For the molecules that were predicted to be highly active (% MGS < 20), only three (1, 3 and 5) out of nine had moderate IRI activity (% MGS ≈ 50) when tested experimentally at 20 mM (Fig. 4a). These compounds all featured an aminopyridine scaffold with an O-methylated carboxylic acid (methyl ester) group adjacent to the pyridine nitrogen (Fig. 4b and Supplementary Fig. S10). Interestingly, these same moieties are present in compound 4, which was significantly more active than 1, 3 or 5. Other compounds correctly predicted to be highly active were chlorinated L-tyrosine derivatives 6 and 8, nitropyridine carboxylic acid 9 and aminooxazole esters 2 and 7 (Fig. 4b and Supplementary Fig. S10). The most active hit among this set was the aminooxazole ester 7, which was able to prevent growth almost entirely at 10 mM. Dose-dependency experiments revealed that this compound retained IRI activity at 2.5 mM (0.4 mg/mL) when tested in NaCl, and was also active at 10 mM in phosphate-buffered saline (PBS) (Supplementary Figs. S15 and S16). PBS is an isotonic solution routinely used in biological applications, hence maintaining IRI activity under these conditions is typically required for cryopreservation. Ice shaping assays performed using a nanolitre osmometer also revealed crystal morphologies with no branching or faceting, confirming that this compound does not alter the growth habit of individual ice crystals (Supplementary Fig. S20)23. This suggests no direct binding to the ice crystal surface, as observed for other small molecules16,20.
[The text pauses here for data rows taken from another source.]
lemma cinner_cauchy_schwarz: "cmod (cinner x y) \<le> norm x * norm y"
proof (cases "y = 0")
  case True then show ?thesis by simp
next
  case False
  then have ny: "norm y > 0" by simp
  define c where "c = cinner y x / complex_of_real ((norm y)\<^sup>2)"
  have "0 \<le> (norm (x - scaleC c y))\<^sup>2" by simp
  also have "\<dots> = (norm x)\<^sup>2 + (cmod c)\<^sup>2 * (norm y)\<^sup>2 - 2 * Re (c * cinner x y)"
    by (simp add: norm_diff_sq norm_scaleC cinner_scaleC_right power_mult_distrib)
  also have "c * cinner x y = complex_of_real ((cmod (cinner x y))\<^sup>2 / (norm y)\<^sup>2)"
  proof -
    have "cinner y x = cnj (cinner x y)" by (rule cinner_commute)
    then have "c * cinner x y = cnj (cinner x y) * cinner x y / complex_of_real ((norm y)\<^sup>2)"
      by (simp add: c_def)
    also have "cnj (cinner x y) * cinner x y = complex_of_real ((cmod (cinner x y))\<^sup>2)"
      by (metis complex_norm_square mult.commute of_real_power)
    finally show ?thesis by simp
  qed
  also have "cmod c = cmod (cinner x y) / (norm y)\<^sup>2"
    by (simp add: c_def norm_divide cinner_commute[of y x] norm_power)
  finally have "0 \<le> (norm x)\<^sup>2 + (cmod (cinner x y) / (norm y)\<^sup>2)\<^sup>2 * (norm y)\<^sup>2
      - 2 * ((cmod (cinner x y))\<^sup>2 / (norm y)\<^sup>2)" by simp
  then have "0 \<le> (norm x)\<^sup>2 - (cmod (cinner x y))\<^sup>2 / (norm y)\<^sup>2"
    using ny by (simp add: power_divide field_simps power2_eq_square)
  then have "(cmod (cinner x y))\<^sup>2 \<le> (norm x * norm y)\<^sup>2"
    using ny by (simp add: field_simps power_mult_distrib)
  then show ?thesis
    using power2_le_imp_le by fastforce
qed

lemma bounded_linear_cinner_right: "bounded_linear (cinner w)"
proof
  show "cinner w (r *\<^sub>R x) = r *\<^sub>R cinner w x" for r x
    by (metis cinner_scaleC_right scaleC_of_real scaleR_conv_of_real)
  show "\<exists>K. \<forall>x. norm (cinner w x) \<le> norm x * K"
    by (metis cinner_cauchy_schwarz mult.commute)
qed (rule cinner_add_right)

lemma bounded_linear_scaleC: "bounded_linear (scaleC a)"
proof
  show "\<exists>K. \<forall>x. norm (scaleC a x) \<le> norm x * K"
    by (rule exI[of _ "cmod a"]) (simp add: norm_scaleC mult.commute)
qed (simp_all add: scaleC_add_right scaleC_scaleR)

lemma tendsto_cinner_left:
  assumes "x \<longlonglongrightarrow> a"
  shows "(\<lambda>n. cinner (x n) y) \<longlonglongrightarrow> cinner a y"
proof -
  have "(\<lambda>n. cnj (cinner y (x n))) \<longlonglongrightarrow> cnj (cinner y a)"
    by (intro tendsto_cnj bounded_linear.tendsto[OF bounded_linear_cinner_right] assms)
  moreover have "cinner u y = cnj (cinner y u)" for u
    by (rule cinner_commute)
  ultimately show ?thesis
    by simp
qed

lemma orthogonal_dense_eq_0:
  assumes "closure D = UNIV" "\<forall>\<kappa>\<in>D. cinner d \<kappa> = 0"
  shows "d = 0"
proof -
  have "closed {\<kappa>. cinner d \<kappa> = 0}"
    by (intro closed_Collect_eq continuous_on_const linear_continuous_on bounded_linear_cinner_right)
  then have "closure D \<subseteq> {\<kappa>. cinner d \<kappa> = 0}"
    using assms(2) by (intro closure_minimal) auto
  then show ?thesis
    using assms(1) cinner_self_eq_0 by auto
qed

lemma csubspace_diff: "csubspace V \<Longrightarrow> x \<in> V \<Longrightarrow> y \<in> V \<Longrightarrow> x - y \<in> V"
  unfolding csubspace_def by (metis diff_conv_add_uminus scaleC_minus1)

lemma csubspace_scaleR: "csubspace V \<Longrightarrow> x \<in> V \<Longrightarrow> r *\<^sub>R x \<in> V"
  unfolding csubspace_def by (metis scaleC_of_real)

lemma near_minimizers_close:
  fixes f u v :: "'a::chilbert_space"
  assumes V: "csubspace V" "u \<in> V" "v \<in> V"
    and lower: "\<forall>w\<in>V. d \<le> (norm (f - w))\<^sup>2"
    and u: "(norm (f - u))\<^sup>2 \<le> d + a" and v: "(norm (f - v))\<^sup>2 \<le> d + b"
  shows "(norm (u - v))\<^sup>2 \<le> 2 * a + 2 * b"
proof -
  define m where "m = (1/2::real) *\<^sub>R (u + v)"
  have "m \<in> V"
    unfolding m_def using V by (simp add: csubspace_def csubspace_scaleR)
  then have "d \<le> (norm (f - m))\<^sup>2"
    using lower by blast
  moreover have "(f - u) + (f - v) = 2 *\<^sub>R (f - m)"
    unfolding m_def by (simp add: algebra_simps scaleR_2)
  then have "(norm ((f - u) + (f - v)))\<^sup>2 = 4 * (norm (f - m))\<^sup>2"
    by (simp add: power_mult_distrib)
  moreover have "(f - u) - (f - v) = v - u"
    by simp
  ultimately show ?thesis
    using parallelogram_law[of "f - u" "f - v"] u v by (simp add: norm_minus_commute)
qed
lemma emeasure_induced_step_after_return_weight:
  assumes B: "B \<in> sets paths"
  shows "emeasure paths {\<omega>. induced_step \<omega> = x \<and> after_return \<omega> \<in> B} = excursion_weight x * emeasure paths B"
proof -
  have "emeasure paths {\<omega>. induced_step \<omega> = x \<and> after_return \<omega> \<in> B}
      = emeasure paths {\<omega>. typical \<omega> \<and> induced_step \<omega> = x \<and> after_return \<omega> \<in> B}"
  proof (rule emeasure_eq_AE)
    show "AE \<omega> in paths. \<omega> \<in> {\<omega>. induced_step \<omega> = x \<and> after_return \<omega> \<in> B} \<longleftrightarrow>
        \<omega> \<in> {\<omega>. typical \<omega> \<and> induced_step \<omega> = x \<and> after_return \<omega> \<in> B}"
      using AE_typical by eventually_elim auto
    show "{\<omega>. typical \<omega> \<and> induced_step \<omega> = x \<and> after_return \<omega> \<in> B} \<in> sets paths"
      using sets.Int[OF sets_word_recurrent sets_induced_step_after_return[OF B]]
      by (simp add: Int_def)
  qed (rule sets_induced_step_after_return[OF B])
  then show ?thesis by (simp add: emeasure_typical_induced_step_after_return[OF B])
qed

definition induced_pmf :: "'a pmf" where
  "induced_pmf = Abs_pmf (distr paths (count_space UNIV) induced_step)"

lemma measure_pmf_induced_pmf: "measure_pmf induced_pmf = distr paths (count_space UNIV) induced_step"
proof -
  let ?D = "distr paths (count_space UNIV) induced_step"
  interpret D: prob_space ?D
    using prob_space_stream_space_pmf by (rule prob_space.prob_space_distr[OF _ measurable_induced_step])
  have emeasure_D: "emeasure ?D A = emeasure paths {\<omega>. induced_step \<omega> \<in> A}" for A
    by (subst emeasure_distr[OF measurable_induced_step]) (auto simp: vimage_def)
  define Z where "Z = {x \<in> H. measure ?D {x} = 0}"
  have "countable Z"
    using countable_subset[OF H_subset countable_carrier] by (rule countable_subset[rotated]) (auto simp: Z_def)
  then have "emeasure ?D Z = (\<integral>\<^sup>+x. emeasure ?D {x} \<partial>count_space Z)"
    by (intro emeasure_countable_singleton) auto
  also have "\<dots> = 0" by (auto simp: Z_def D.emeasure_eq_measure intro!: nn_integral_zero')
  finally have "- H \<union> Z \<in> null_sets ?D"
    using emeasure_D[of "- H"] by (auto simp: induced_step_def hitting_point_in_H intro!: null_sets.Un)
  then have "AE x in ?D. measure ?D {x} \<noteq> 0" by (rule AE_I') (auto simp: Z_def)
  then show ?thesis
    unfolding induced_pmf_def using D.prob_space_axioms by (intro Abs_pmf_inverse) auto
qed

lemma emeasure_induced_step_eq: "ennreal (pmf induced_pmf x) = emeasure paths {\<omega>. induced_step \<omega> = x}"
  using measure_pmf.emeasure_eq_measure[of induced_pmf "{x}"]
  by (simp add: pmf.rep_eq measure_pmf_induced_pmf emeasure_distr[OF measurable_induced_step] vimage_def)

lemma pmf_induced_pmf: "ennreal (pmf induced_pmf x) = excursion_weight x"
  using emeasure_induced_step_after_return_weight[OF UNIV_in_sets_stream_space_pmf, of x]
    prob_space.emeasure_space_1[OF prob_space_stream_space_pmf[of \<mu>]]
  by (simp add: emeasure_induced_step_eq)

lemma emeasure_induced_step_after_return:
  "B \<in> sets paths \<Longrightarrow>
    emeasure paths {\<omega>. induced_step \<omega> = x \<and> after_return \<omega> \<in> B} = pmf induced_pmf x * emeasure paths B"
  by (simp add: emeasure_induced_step_after_return_weight pmf_induced_pmf)

lemma set_pmf_induced_pmf: "set_pmf induced_pmf \<subseteq> H"
proof
  fix x assume "x \<in> set_pmf induced_pmf"
  then have "ennreal (pmf induced_pmf x) \<noteq> 0" by (simp add: set_pmf_iff pmf_nonneg)
  then have "emeasure paths {\<omega>. induced_step \<omega> = x} \<noteq> 0" by (simp add: emeasure_induced_step_eq)
  then obtain \<omega> where "induced_step \<omega> = x" by fastforce
  then show "x \<in> H" by (auto simp: induced_step_def hitting_point_in_H)
qed

abbreviation induced_paths :: "'a stream measure" where
  "induced_paths \<equiv> stream_space (measure_pmf induced_pmf)"

lemma emeasure_induced_walk_sstart:
  "xs \<in> lists H \<Longrightarrow> emeasure paths {\<omega>. induced_walk \<omega> \<in> sstart H xs} = emeasure induced_paths (sstart H xs)"
proof (induction xs)
  case Nil
  have "AE \<eta> in induced_paths. \<eta> \<in> streams H"
    using AE_streams_set_pmf[of induced_pmf] set_pmf_induced_pmf by (auto elim: AE_mp intro: streams_mono)
  then have "emeasure induced_paths (sstart H []) = 1"
    using prob_space.emeasure_eq_1_AE[OF prob_space_stream_space_pmf] sets_sstart[of H "[]"]
    by (simp add: sets_stream_space_pmf)
  then show ?case
    using induced_walk_in_streams prob_space.emeasure_space_1[OF prob_space_stream_space_pmf[of \<mu>]] by simp
next
  case (Cons x xs)
  have xs: "sstart H xs \<in> sets induced_paths" using sets_sstart by (simp add: sets_stream_space_pmf)
  define B where "B = {\<omega>. induced_walk \<omega> \<in> sstart H xs}"
  have B: "B \<in> sets paths"
    using measurable_sets[OF measurable_induced_walk xs] by (simp add: B_def vimage_def)
  have "{\<omega>. induced_walk \<omega> \<in> sstart H (x # xs)} = {\<omega>. induced_step \<omega> = x \<and> after_return \<omega> \<in> B}"
    by (subst induced_walk_Stream) (simp add: B_def)
  then have "emeasure paths {\<omega>. induced_walk \<omega> \<in> sstart H (x # xs)} = pmf induced_pmf x * emeasure paths B"
    by (simp only: emeasure_induced_step_after_return[OF B])
  also have "\<dots> = pmf induced_pmf x * emeasure induced_paths (sstart H xs)"
    using Cons by (simp add: B_def)
  also have "\<dots> = emeasure induced_paths (sstart H (x # xs))"
  proof -
    have "{\<eta>. stake (length [x]) \<eta> = [x] \<and> sdrop (length [x]) \<eta> \<in> sstart H xs} = sstart H (x # xs)"
      using Cons.prems by (auto simp: stream_eq_Stream_iff)
    then show ?thesis using emeasure_stake_sdrop[OF xs, of "[x]"] by simp
  qed
  finally show ?case .
qed

lemma distr_induced_walk: "distr paths induced_paths induced_walk = induced_paths"
proof (rule stream_space_eq_sstart)
  have walk: "induced_walk \<in> measurable paths induced_paths" by (rule measurable_induced_walk) simp
  show "countable H" using countable_subset[OF H_subset countable_carrier] .
  show "prob_space (distr paths induced_paths induced_walk)"
    by (rule prob_space.prob_space_distr[OF prob_space_stream_space_pmf walk])
  show "prob_space induced_paths" by (rule prob_space_stream_space_pmf)
  show "AE x in distr paths induced_paths induced_walk. x \<in> streams H"
    using induced_walk_in_streams streams_sets[of H "measure_pmf induced_pmf"]
    by (subst AE_distr_iff[OF walk]) (auto simp: sets_stream_space_pmf)
  show "AE x in induced_paths. x \<in> streams H"
    using AE_streams_set_pmf[of induced_pmf] set_pmf_induced_pmf by (auto elim: AE_mp intro: streams_mono)
  show "sets (distr paths induced_paths induced_walk) = sets (stream_space (count_space UNIV))"
    by (simp add: sets_stream_space_pmf)
  show "sets induced_paths = sets (stream_space (count_space UNIV))" by (rule sets_stream_space_pmf)
  fix xs :: "'a list" assume "xs \<noteq> []" "xs \<in> lists H"
  then show "emeasure (distr paths induced_paths induced_walk) (sstart H xs) = emeasure induced_paths (sstart H xs)"
    using sets_sstart[of H xs]
    by (subst emeasure_distr[OF walk]) (auto simp: sets_stream_space_pmf vimage_def emeasure_induced_walk_sstart)
qed

lemma induced_walk_positions: "typical \<omega> \<Longrightarrow> \<exists>t\<ge>m. rw_pos G t \<omega> = rw_pos G m (induced_walk \<omega>)"
proof (induction m arbitrary: \<omega>)
  case (Suc m)
  obtain t where t: "t \<ge> m" "rw_pos G t (after_return \<omega>) = rw_pos G m (induced_walk (after_return \<omega>))"
    using Suc.IH[OF typical_after_return[OF Suc.prems]] by blast
  have "rw_pos G (return_time \<omega> + t) \<omega> = rw_pos G (return_time \<omega>) \<omega> \<otimes> rw_pos G t (after_return \<omega>)"
    using Suc.prems by (simp add: rw_pos_add typical_streams_carrier after_return_def)
  also have "\<dots> = rw_pos G (Suc m) (induced_walk \<omega>)"
    by (subst induced_walk_Stream) (simp add: rw_pos_Stream t(2) induced_step_eq Suc.prems)
  finally show ?case using t(1) return_time(1)[OF Suc.prems] by (intro exI[of _ "return_time \<omega> + t"]) auto
qed (auto intro: exI[of _ 0])
(* For $\alpha\in[0,1]$ and $r>0$ let $$h(r,\alpha):=2\sqrt{\frac{2(1-\alpha/2)r}{1+\alpha+(1-\alpha/2)r}+\frac{r}{1+r}}+3-\frac{1}{r^2(1+r)}.$$ For each $\alpha\in(0,1)$ the equation $h(r,\alpha)=0$ has a unique positive root $r=r_{\star}(\alpha)$, and, denoting by $r_\star(0)$ and $r_\star(1)$ the positive roots of $h(r,0)=0$ and $h(r,1)=0$, it holds that $0.3865\approx r_{\star}(0)< r_{\star}(\alpha)< r_{\star}(1)\approx0.4037$ for all $\alpha\in(0,1)$. *)

theory Defs
  imports Complex_Main
begin

definition h :: "real \<Rightarrow> real \<Rightarrow> real" where
  "h r \<alpha> = 2 * sqrt (2 * (1 - \<alpha>/2) * r / (1 + \<alpha> + (1 - \<alpha>/2) * r) + r / (1 + r))
              + 3 - 1 / (r^2 * (1 + r))"

end

theory Submission
  imports Defs
begin

(* For fixed alpha in [0,1], h r alpha is strictly increasing in r > 0: both terms under the
   square root increase, and so does -1/(r^2 (1+r)). It is negative at r = 3/10 and positive
   at r = 1, so the intermediate value theorem yields exactly one positive root. For fixed r,
   h is strictly decreasing in alpha, because (1 - alpha/2)/(1 + alpha) is; hence the root
   moves strictly to the right as alpha increases from 0 to 1. *)

definition h_ratio :: "real \<Rightarrow> real \<Rightarrow> real" where
  "h_ratio r \<alpha> = 2 * (1 - \<alpha>/2) * r / (1 + \<alpha> + (1 - \<alpha>/2) * r)"

lemma h_eq_h_ratio: "h r \<alpha> = 2 * sqrt (h_ratio r \<alpha> + r / (1 + r)) + 3 - 1 / (r^2 * (1 + r))"
  by (simp add: h_def h_ratio_def)

lemma divide_affine_mono:
  fixes a b r s :: "'a::linordered_field"
  assumes "0 \<le> a" "0 < b" "0 \<le> r" "r \<le> s"
  shows "r / (b + a * r) \<le> s / (b + a * s)"
proof -
  have "0 < b + a * r" "0 < b + a * s"
    using assms by (simp_all add: add_pos_nonneg)
  moreover have "r * (b + a * s) \<le> s * (b + a * r)"
    using assms by (simp add: algebra_simps mult_left_mono)
  ultimately show ?thesis
    by (simp add: divide_simps)
qed

lemma h_ratio_mono:
  assumes "0 \<le> \<alpha>" "\<alpha> \<le> 1" "0 \<le> r" "r \<le> s"
  shows "h_ratio r \<alpha> \<le> h_ratio s \<alpha>"
proof -
  have "r / (1 + \<alpha> + (1 - \<alpha>/2) * r) \<le> s / (1 + \<alpha> + (1 - \<alpha>/2) * s)"
    using assms by (intro divide_affine_mono) auto
  then have "(2 - \<alpha>) * (r / (1 + \<alpha> + (1 - \<alpha>/2) * r)) \<le> (2 - \<alpha>) * (s / (1 + \<alpha> + (1 - \<alpha>/2) * s))"
    using assms by (intro mult_left_mono) auto
  then show ?thesis
    unfolding h_ratio_def by simp
qed

lemma h_ratio_strict_antimono:
  assumes "0 \<le> \<alpha>" "\<alpha> < \<beta>" "\<beta> \<le> 1" "0 < r"
  shows "h_ratio r \<beta> < h_ratio r \<alpha>"
proof -
  have "0 < 1 + \<alpha> + (1 - \<alpha>/2) * r" "0 < 1 + \<beta> + (1 - \<beta>/2) * r"
    using assms by (simp_all add: add_pos_nonneg)
  moreover have "2 * (1 - \<alpha>/2) * r * (1 + \<beta> + (1 - \<beta>/2) * r)
      - 2 * (1 - \<beta>/2) * r * (1 + \<alpha> + (1 - \<alpha>/2) * r) = 3 * r * (\<beta> - \<alpha>)"
    by (simp add: field_simps)
  moreover have "0 < 3 * r * (\<beta> - \<alpha>)"
    using assms by simp
  ultimately show ?thesis
    unfolding h_ratio_def by (simp add: divide_simps)
qed

lemma h_strict_mono_on:
  assumes "0 \<le> \<alpha>" "\<alpha> \<le> 1"
  shows "strict_mono_on {0<..} (\<lambda>r. h r \<alpha>)"
proof (rule strict_mono_onI)
  fix r s :: real
  assume "r \<in> {0<..}" "s \<in> {0<..}" "r < s"
  then have "0 < r" "r < s" by auto
  have "h_ratio r \<alpha> \<le> h_ratio s \<alpha>"
    using assms \<open>0 < r\<close> \<open>r < s\<close> by (intro h_ratio_mono) auto
  moreover have "r / (1 + r) \<le> s / (1 + s)"
    using divide_affine_mono[of 1 1 r s] \<open>0 < r\<close> \<open>r < s\<close> by simp
  ultimately have "sqrt (h_ratio r \<alpha> + r / (1 + r)) \<le> sqrt (h_ratio s \<alpha> + s / (1 + s))"
    by (intro real_sqrt_le_mono) linarith
  moreover have "1 / (s^2 * (1 + s)) < 1 / (r^2 * (1 + r))"
    using \<open>0 < r\<close> \<open>r < s\<close> by (intro divide_strict_left_mono mult_strict_mono power_strict_mono) auto
  ultimately show "h r \<alpha> < h s \<alpha>"
    unfolding h_eq_h_ratio by linarith
qed

lemma h_strict_antimono_param:
  assumes "0 \<le> \<alpha>" "\<alpha> < \<beta>" "\<beta> \<le> 1" "0 < r"
  shows "h r \<beta> < h r \<alpha>"
proof -
  have "sqrt (h_ratio r \<beta> + r / (1 + r)) < sqrt (h_ratio r \<alpha> + r / (1 + r))"
    using h_ratio_strict_antimono[OF assms] by (intro real_sqrt_less_mono) linarith
  then show ?thesis
    unfolding h_eq_h_ratio by linarith
qed

lemma h_neg_at_3_10:
  assumes "0 \<le> \<alpha>" "\<alpha> \<le> 1"
  shows "h (3/10) \<alpha> < 0"
proof -
  have "h (3/10) \<alpha> \<le> h (3/10) 0"
    using h_strict_antimono_param[of 0 \<alpha> "3/10"] assms by (cases "\<alpha> = 0") auto
  also have "h (3/10) 0 = 2 * sqrt (9/13) + 3 - 1000/117"
    unfolding h_def by (simp add: power2_eq_square)
  also have "\<dots> < 0"
    using real_sqrt_lt_1_iff[of "9/13"] by linarith
  finally show ?thesis .
qed

lemma h_pos_at_1:
  assumes "0 \<le> \<alpha>" "\<alpha> \<le> 1"
  shows "0 < h 1 \<alpha>"
proof -
  have "0 \<le> h_ratio 1 \<alpha>"
    using h_ratio_mono[of \<alpha> 0 1] assms by (simp add: h_ratio_def)
  then have "0 \<le> sqrt (h_ratio 1 \<alpha> + 1 / (1 + 1))"
    by simp
  moreover have "h 1 \<alpha> = 2 * sqrt (h_ratio 1 \<alpha> + 1 / (1 + 1)) + 5/2"
    unfolding h_eq_h_ratio by simp
  ultimately show ?thesis
    by linarith
qed

lemma h_continuous_on:
  assumes "0 \<le> \<alpha>" "\<alpha> \<le> 1"
  shows "continuous_on {0<..} (\<lambda>r. h r \<alpha>)"
proof -
  have "1 + \<alpha> + (1 - \<alpha>/2) * r \<noteq> 0" if "0 < r" for r
  proof -
    have "0 \<le> (1 - \<alpha>/2) * r"
      using assms that by simp
    then show ?thesis
      using assms by linarith
  qed
  then show ?thesis
    unfolding h_def by (intro continuous_intros) auto
qed

lemma h_ex1_root:
  assumes "0 \<le> \<alpha>" "\<alpha> \<le> 1"
  shows "\<exists>!r. r > 0 \<and> h r \<alpha> = 0"
proof -
  have "continuous_on {3/10..1} (\<lambda>r. h r \<alpha>)"
    using h_continuous_on[OF assms] by (rule continuous_on_subset) auto
  then obtain r where r: "3/10 \<le> r" "h r \<alpha> = 0"
    using IVT'[of "\<lambda>r. h r \<alpha>" "3/10" 0 1] h_neg_at_3_10[OF assms] h_pos_at_1[OF assms]
    by force
  have inj: "inj_on (\<lambda>r. h r \<alpha>) {0<..}"
    using h_strict_mono_on[OF assms] by (rule strict_mono_on_imp_inj_on)
  show ?thesis
  proof (rule ex1I[of _ r])
    show "r > 0 \<and> h r \<alpha> = 0"
      using r by simp
  next
    fix s
    assume "s > 0 \<and> h s \<alpha> = 0"
    then show "s = r"
      using inj_onD[OF inj, of s r] r by simp
  qed
qed

lemma h_root_strict_mono_param:
  assumes "0 \<le> \<alpha>" "\<alpha> < \<beta>" "\<beta> \<le> 1"
    and "0 < r" "h r \<alpha> = 0" "0 < s" "h s \<beta> = 0"
  shows "r < s"
proof -
  have "h r \<alpha> < h s \<alpha>"
    using h_strict_antimono_param[of \<alpha> \<beta> s] assms by simp
  moreover have "strict_mono_on {0<..} (\<lambda>r. h r \<alpha>)"
    using assms by (intro h_strict_mono_on) auto
  ultimately show ?thesis
    using strict_mono_on_less[of "{0<..}" "\<lambda>r. h r \<alpha>" r s] assms by simp
qed

theorem lemma2p1:
  shows "(\<forall>\<alpha>::real. 0 < \<alpha> \<and> \<alpha> < 1 \<longrightarrow> (\<exists>!r::real. r > 0 \<and> h r \<alpha> = 0))
       \<and> (\<exists>!r::real. r > 0 \<and> h r 0 = 0)
       \<and> (\<exists>!r::real. r > 0 \<and> h r 1 = 0)
       \<and> (\<forall>\<alpha> r0 ra r1 :: real. 0 < \<alpha> \<and> \<alpha> < 1
             \<and> r0 > 0 \<and> h r0 0 = 0 \<and> ra > 0 \<and> h ra \<alpha> = 0 \<and> r1 > 0 \<and> h r1 1 = 0
             \<longrightarrow> r0 < ra \<and> ra < r1)"
proof (intro conjI allI impI)
  fix \<alpha> :: real
  assume "0 < \<alpha> \<and> \<alpha> < 1"
  then show "\<exists>!r. r > 0 \<and> h r \<alpha> = 0"
    by (intro h_ex1_root) auto
next
  show "\<exists>!r. r > 0 \<and> h r 0 = 0" "\<exists>!r. r > 0 \<and> h r 1 = 0"
    by (simp_all add: h_ex1_root)
next
  fix \<alpha> r0 ra r1 :: real
  assume "0 < \<alpha> \<and> \<alpha> < 1 \<and> r0 > 0 \<and> h r0 0 = 0 \<and> ra > 0 \<and> h ra \<alpha> = 0
    \<and> r1 > 0 \<and> h r1 1 = 0"
  then show "r0 < ra" "ra < r1"
    using h_root_strict_mono_param[of 0 \<alpha> r0 ra] h_root_strict_mono_param[of \<alpha> 1 ra r1]
    by simp_all
qed

end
Compared to the training data, we note that compounds 2, 4, 7 and 13 represent some of the most IRI-active amino acids discovered to date; less than 10 % of all amino acids surveyed have an IRI activity below 10% MGS (Supplementary Fig. S19). It is important to clarify that the IRI-active materials identified here do not represent entirely novel chemical scaffolds, bearing some resemblance to molecules in the training set, which can be quantified by assessing their Tanimoto similarity (Supplementary Fig. S11). We highlight that, rather than being an intrinsic limitation of the models, this is a product of the strategy used to compile the prediction set and library (see Methods). We also acknowledge that % MGS predictions for the active molecules were consistently higher than the experimental measurements, albeit accurate within error, for the reasons discussed in Supplementary Section 1.2. Nonetheless, the ensemble approach increases the overall accuracy of the model, and the results presented here for the prediction set clearly justify this approach in retrospect. In regards to the inactive predictions the model also performed very well, with all predictions except two (compounds 11 and 13) being accurate within the predicted margin of error. The chemical structures of these compounds are shown in Supplementary Fig. S12. Compound 13 was N-methylated isoleucine (Fig. 4b), which was surprisingly active given that N-modifications (methylation and/or acetylation) resulted in a loss of IRI activity for α-alanine and phenylalanine (Supplementary Fig. S13), yet for isoleucine this lowered the % MGS from 19 to 7. Once again, while some of the compounds predicted to be inactive are structurally similar to molecules in the training set, we note that the cyclobutyl moiety found in compounds 10 and 12 is not observed in any compound used during training, highlighting the ability of the model to generalise and predict the IRI activity of new chemical structures with good accuracy.

To rationalise the activity of these molecules in terms of their structures, we computed hydration numbers and indices for all 17 compounds in the prediction set via short MD simulations, as outlined in Methods. Similar to the Amino training set, we observed a positive correlation of up to 0.61 between the hydration indices and % MGS over range of cutoff distances, using either the volume or SASA to normalise by the molecule’s size (Supplementary Figs. S17 and S18). We note that this correlation was observed despite not using the hydration indices descriptor to select or rank the prediction set, highlighting the ability of this descriptor to discriminate between active and inactive IRIs effectively.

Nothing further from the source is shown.